-- SOURCE RECORDS --
lemma inverse_twolim_in_Hom:
  assumes f: "f \<in> Hom (twolim I Phi PO PM) A B"
  shows "(\<lambda>U. if U \<in> I then inv_mor (Phi U) (fst A U) (fst B U) (f U) else undefined)
      \<in> Hom (twolim I Phi PO PM) B A"
proof (rule Hom_twolimI[OF twolim_cod_in_Ob[OF f] twolim_dom_in_Ob[OF f]])
  fix U V assume U: "U \<in> I" and V: "V \<in> I" and UV: "U \<subseteq> V"
  have fV: "f V \<in> Hom (Phi V) (fst A V) (fst B V)" using twolim_component_in_Hom[OF f V] .
  have "Comp (Phi U) (inv_mor (Phi U) (fst A U) (fst B U) (f U)) (snd B U V) =
      Comp (Phi U) (snd A U V) (inv_mor (Phi U) (PO U V (fst A V)) (PO U V (fst B V)) (PM U V (f V)))"
    by (rule inv_mor_square[OF groupoid_Phi[OF U]
          twolim_conn_in_Hom[OF twolim_dom_in_Ob[OF f] U V UV]
          functor_Hom[OF functor_restrict[OF U V UV] fV]
          twolim_conn_in_Hom[OF twolim_cod_in_Ob[OF f] U V UV]
          twolim_component_in_Hom[OF f U] twolim_naturality[OF f U V UV]])
  then show "Comp (Phi U) (if U \<in> I then inv_mor (Phi U) (fst A U) (fst B U) (f U) else undefined)
      (snd B U V) = Comp (Phi U) (snd A U V)
        (PM U V (if V \<in> I then inv_mor (Phi V) (fst A V) (fst B V) (f V) else undefined))"
    using U V functor_inv_mor[OF groupoid_Phi[OF V] groupoid_Phi[OF U] functor_restrict[OF U V UV] fV]
    by simp
qed (simp_all add: inv_mor_in_Hom groupoid_Phi twolim_component_in_Hom[OF f])

lemma groupoid_twolim: "groupoid (twolim I Phi PO PM)"
  unfolding groupoid_def
proof (intro conjI allI impI category_twolim)
  fix A B f assume f: "f \<in> Hom (twolim I Phi PO PM) A B"
  let ?g = "\<lambda>U. if U \<in> I then inv_mor (Phi U) (fst A U) (fst B U) (f U) else undefined"
  have "Comp (twolim I Phi PO PM) ?g f = Id (twolim I Phi PO PM) A"
    "Comp (twolim I Phi PO PM) f ?g = Id (twolim I Phi PO PM) B"
    using comp_inv_mor_left[OF groupoid_Phi twolim_component_in_Hom[OF f]]
      comp_inv_mor_right[OF groupoid_Phi twolim_component_in_Hom[OF f]]
    by (auto simp: Comp_twolim Id_twolim)
  then show "iso (twolim I Phi PO PM) A B f"
    unfolding iso_def using f inverse_twolim_in_Hom[OF f] by blast
qed

end

lemma resO_simps [simp]:
  "fst (resO J A) U = (if U \<in> J then fst A U else undefined)"
  "snd (resO J A) U V = (if U \<in> J \<and> V \<in> J \<and> U \<subseteq> V then snd A U V else undefined)"
  unfolding resO_def by simp_all

lemma resM_apply [simp]: "resM J g U = (if U \<in> J then g U else undefined)"
  unfolding resM_def by simp

lemma resO_self:
  assumes A: "A \<in> Ob (twolim I Phi PO PM)"
  shows "resO I A = A"
proof (rule prod_eqI)
  show "fst (resO I A) = fst A"
    using twolim_obj_undefined[OF A] by (intro ext) simp
  show "snd (resO I A) = snd A"
  proof (intro ext)
    fix U V show "snd (resO I A) U V = snd A U V"
      using twolim_conn_undefined[OF A, of U V] by simp
  qed
qed

lemma resM_self:
  assumes f: "f \<in> Hom (twolim I Phi PO PM) A B"
  shows "resM I f = f"
  using twolim_component_undefined[OF f] by (intro ext) simp

lemma resO_in_Ob:
  assumes JI: "J \<subseteq> I" and A: "A \<in> Ob (twolim I Phi PO PM)"
  shows "resO J A \<in> Ob (twolim J Phi PO PM)"
proof (rule Ob_twolimI)
  fix U assume "U \<in> J"
  then show "fst (resO J A) U \<in> Ob (Phi U)" using JI twolim_obj_in_Ob[OF A, of U] by auto
next
  fix U V assume "U \<in> J" "V \<in> J" "U \<subseteq> V"
  then show "snd (resO J A) U V \<in> Hom (Phi U) (PO U V (fst (resO J A) V)) (fst (resO J A) U)"
    using JI twolim_conn_in_Hom[OF A, of U V] by auto
next
  fix U assume "U \<in> J"
  then show "snd (resO J A) U U = Id (Phi U) (fst (resO J A) U)"
    using JI twolim_conn_refl[OF A, of U] by auto
next
  fix U V W assume "U \<in> J" "V \<in> J" "W \<in> J" "U \<subseteq> V" "V \<subseteq> W"
  then show "snd (resO J A) U W = Comp (Phi U) (snd (resO J A) U V) (PM U V (snd (resO J A) V W))"
    using twolim_conn_trans[OF A, of U V W] JI by auto
qed auto

lemma functor_resO:
  assumes JI: "J \<subseteq> I"
  shows "is_functor (twolim I Phi PO PM) (twolim J Phi PO PM) (resO J) (resM J)"
  unfolding is_functor_def
proof (intro conjI ballI allI impI)
  fix A B f assume f: "f \<in> Hom (twolim I Phi PO PM) A B"
  show "resM J f \<in> Hom (twolim J Phi PO PM) (resO J A) (resO J B)"
  proof (rule Hom_twolimI[OF resO_in_Ob[OF JI twolim_dom_in_Ob[OF f]]
        resO_in_Ob[OF JI twolim_cod_in_Ob[OF f]]])
    fix U assume "U \<in> J"
    then show "resM J f U \<in> Hom (Phi U) (fst (resO J A) U) (fst (resO J B) U)"
      using JI twolim_component_in_Hom[OF f, of U] by auto
  next
    fix U V assume "U \<in> J" "V \<in> J" "U \<subseteq> V"
    then show "Comp (Phi U) (resM J f U) (snd (resO J A) U V) =
        Comp (Phi U) (snd (resO J B) U V) (PM U V (resM J f V))"
      using JI twolim_naturality[OF f, of U V] by auto
  qed simp
next
  fix A assume "A \<in> Ob (twolim I Phi PO PM)"
  then show "resO J A \<in> Ob (twolim J Phi PO PM)" using resO_in_Ob[OF JI] by blast
  show "resM J (Id (twolim I Phi PO PM) A) = Id (twolim J Phi PO PM) (resO J A)"
    using JI by (intro ext) (auto simp: Id_twolim)
next
  fix A B D f g
  show "resM J (Comp (twolim I Phi PO PM) g f) =
      Comp (twolim J Phi PO PM) (resM J g) (resM J f)"
    using JI by (intro ext) (auto simp: Comp_twolim)
qed

section \<open>Restriction along a covering subposet\<close>

locale covered_diagram = groupoid_diagram +
  fixes J Cov :: "'i set set"
  assumes J_subset: "J \<subseteq> I" and Cov_subset: "Cov \<subseteq> J"
    and covered: "U \<in> I \<Longrightarrow> \<exists>M\<in>Cov. U \<subseteq> M"
begin

definition cover :: "'i set \<Rightarrow> 'i set" where
  "cover U = (SOME M. M \<in> Cov \<and> U \<subseteq> M)"

lemma cover:
  assumes "U \<in> I"
  shows cover_in_Cov: "cover U \<in> Cov" and subset_cover: "U \<subseteq> cover U"
proof -
  have "cover U \<in> Cov \<and> U \<subseteq> cover U"
    unfolding cover_def using covered[OF assms] by (intro someI_ex[of "\<lambda>M. M \<in> Cov \<and> U \<subseteq> M"]) blast
  then show "cover U \<in> Cov" "U \<subseteq> cover U" by blast+
qed

lemma cover_in_J: "U \<in> I \<Longrightarrow> cover U \<in> J"
  using cover_in_Cov Cov_subset by blast

lemma in_I_if_in_J: "U \<in> J \<Longrightarrow> U \<in> I"
  using J_subset by blast

lemma groupoid_twolim_J: "groupoid (twolim J Phi PO PM)"
  using groupoid_diagram.groupoid_twolim[OF groupoid_diagram.intro]
    gpd_diagram_mono[OF gpd_diagram J_subset] .

text \<open>The component at \<open>U\<close> that naturality along \<open>U \<subseteq> T\<close> forces on any extension of \<open>h\<close>.\<close>

definition extend where
  "extend A B h T U = Comp (Phi U) (Comp (Phi U) (snd B U T) (PM U T (h T)))
      (inv_mor (Phi U) (PO U T (fst A T)) (fst A U) (snd A U T))"

context
  fixes A B h
  assumes A: "A \<in> Ob (twolim I Phi PO PM)" and B: "B \<in> Ob (twolim I Phi PO PM)"
    and h: "h \<in> Hom (twolim J Phi PO PM) (resO J A) (resO J B)"
begin

lemma restricted_component_in_Hom: "T \<in> J \<Longrightarrow> h T \<in> Hom (Phi T) (fst A T) (fst B T)"
  using twolim_component_in_Hom[OF h] by simp

lemma restricted_naturality:
  "U \<in> J \<Longrightarrow> T \<in> J \<Longrightarrow> U \<subseteq> T \<Longrightarrow>
    Comp (Phi U) (h U) (snd A U T) = Comp (Phi U) (snd B U T) (PM U T (h T))"
  using twolim_naturality[OF h] by simp

lemma extend_in_Hom:
  assumes U: "U \<in> I" and T: "T \<in> J" and UT: "U \<subseteq> T"
  shows "extend A B h T U \<in> Hom (Phi U) (fst A U) (fst B U)"
proof -
  have T': "T \<in> I" using in_I_if_in_J[OF T] .
  have "Comp (Phi U) (snd B U T) (PM U T (h T)) \<in> Hom (Phi U) (PO U T (fst A T)) (fst B U)"
    using comp_in_Hom[OF category_Phi[OF U]
        functor_Hom[OF functor_restrict[OF U T' UT] restricted_component_in_Hom[OF T]]
        twolim_conn_in_Hom[OF B U T' UT]] .
  then show ?thesis
    unfolding extend_def
    using comp_in_Hom[OF category_Phi[OF U]
        inv_mor_in_Hom[OF groupoid_Phi[OF U] twolim_conn_in_Hom[OF A U T' UT]]] by blast
qed

lemma extend_comp_conn:
  assumes U: "U \<in> I" and T: "T \<in> J" and UT: "U \<subseteq> T"
  shows "Comp (Phi U) (extend A B h T U) (snd A U T) = Comp (Phi U) (snd B U T) (PM U T (h T))"
proof -
  have T': "T \<in> I" using in_I_if_in_J[OF T] .
  show ?thesis
    unfolding extend_def
    by (rule comp_inv_mor_cancel_right'[OF groupoid_Phi[OF U] twolim_conn_in_Hom[OF A U T' UT]
          comp_in_Hom[OF category_Phi[OF U]
            functor_Hom[OF functor_restrict[OF U T' UT] restricted_component_in_Hom[OF T]]
            twolim_conn_in_Hom[OF B U T' UT]]])
qed

lemma extend_unique:
  assumes U: "U \<in> I" and T: "T \<in> J" and UT: "U \<subseteq> T"
    and g: "g \<in> Hom (Phi U) (fst A U) (fst B U)"
    and g_conn: "Comp (Phi U) g (snd A U T) = Comp (Phi U) (snd B U T) (PM U T (h T))"
  shows "g = extend A B h T U"
  using cancel_right[OF groupoid_Phi[OF U] twolim_conn_in_Hom[OF A U in_I_if_in_J[OF T] UT] g
      extend_in_Hom[OF U T UT]] g_conn extend_comp_conn[OF U T UT] by simp

lemma extend_on_J:
  assumes U: "U \<in> J" and T: "T \<in> J" and UT: "U \<subseteq> T"
  shows "extend A B h T U = h U"
  using extend_unique[OF in_I_if_in_J[OF U] T UT restricted_component_in_Hom[OF U]
      restricted_naturality[OF U T UT]] by simp

lemma extend_natural:
  assumes U: "U \<in> I" and W: "W \<in> I" and T: "T \<in> J" and UW: "U \<subseteq> W" and WT: "W \<subseteq> T"
  shows "Comp (Phi U) (extend A B h T U) (snd A U W) =
    Comp (Phi U) (snd B U W) (PM U W (extend A B h T W))"
proof -
  have T': "T \<in> I" using in_I_if_in_J[OF T] .
  have UT: "U \<subseteq> T" using UW WT by blast
  note c = category_Phi[OF U] and F = functor_restrict[OF U W UW]
  have PO_A: "PO U W (PO W T (fst A T)) = PO U T (fst A T)"
    using PO_trans[OF U W T' UW WT] twolim_obj_in_Ob[OF A T'] by blast
  have eU: "extend A B h T U \<in> Hom (Phi U) (fst A U) (fst B U)" using extend_in_Hom[OF U T UT] .
  have eW: "extend A B h T W \<in> Hom (Phi W) (fst A W) (fst B W)" using extend_in_Hom[OF W T WT] .
  have aUW: "snd A U W \<in> Hom (Phi U) (PO U W (fst A W)) (fst A U)"
    and bUW: "snd B U W \<in> Hom (Phi U) (PO U W (fst B W)) (fst B U)"
    using twolim_conn_in_Hom[OF A U W UW] twolim_conn_in_Hom[OF B U W UW] .
  have aWT: "snd A W T \<in> Hom (Phi W) (PO W T (fst A T)) (fst A W)"
    using twolim_conn_in_Hom[OF A W T' WT] .
  have p: "PM U W (snd A W T) \<in> Hom (Phi U) (PO U T (fst A T)) (PO U W (fst A W))"
    using functor_Hom[OF F aWT] PO_A by simp
  have "Comp (Phi U) (Comp (Phi U) (extend A B h T U) (snd A U W)) (PM U W (snd A W T))
      = Comp (Phi U) (extend A B h T U) (snd A U T)"
    using comp_assoc[OF c p aUW eU] twolim_conn_trans[OF A U W T' UW WT] by simp
  also have "\<dots> = Comp (Phi U) (snd B U T) (PM U T (h T))" using extend_comp_conn[OF U T UT] .
  also have "\<dots> = Comp (Phi U) (snd B U W) (PM U W (Comp (Phi W) (snd B W T) (PM W T (h T))))"
    using conn_comp_PM_factor[OF B U W T' UW WT restricted_component_in_Hom[OF T]] .
  also have "\<dots> = Comp (Phi U) (snd B U W) (PM U W (Comp (Phi W) (extend A B h T W) (snd A W T)))"
    using extend_comp_conn[OF W T WT] by simp
  also have "\<dots> =
      Comp (Phi U) (Comp (Phi U) (snd B U W) (PM U W (extend A B h T W))) (PM U W (snd A W T))"
    using functor_comp[OF F aWT eW] comp_assoc[OF c p functor_Hom[OF F eW] bUW] by simp
  finally show ?thesis
    using cancel_right[OF groupoid_Phi[OF U] p comp_in_Hom[OF c aUW eU]
        comp_in_Hom[OF c functor_Hom[OF F eW] bUW]] by simp
qed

-- ASSIGNMENT --
In the records above, find the line with "unfolding resM_def by simp"; write out exactly that line and each one after it, stopping after the line with "fix U V show".

-- EXPECTED OUTPUT --
  unfolding resM_def by simp

lemma resO_self:
  assumes A: "A \<in> Ob (twolim I Phi PO PM)"
  shows "resO I A = A"
proof (rule prod_eqI)
  show "fst (resO I A) = fst A"
    using twolim_obj_undefined[OF A] by (intro ext) simp
  show "snd (resO I A) = snd A"
  proof (intro ext)
    fix U V show "snd (resO I A) U V = snd A U V"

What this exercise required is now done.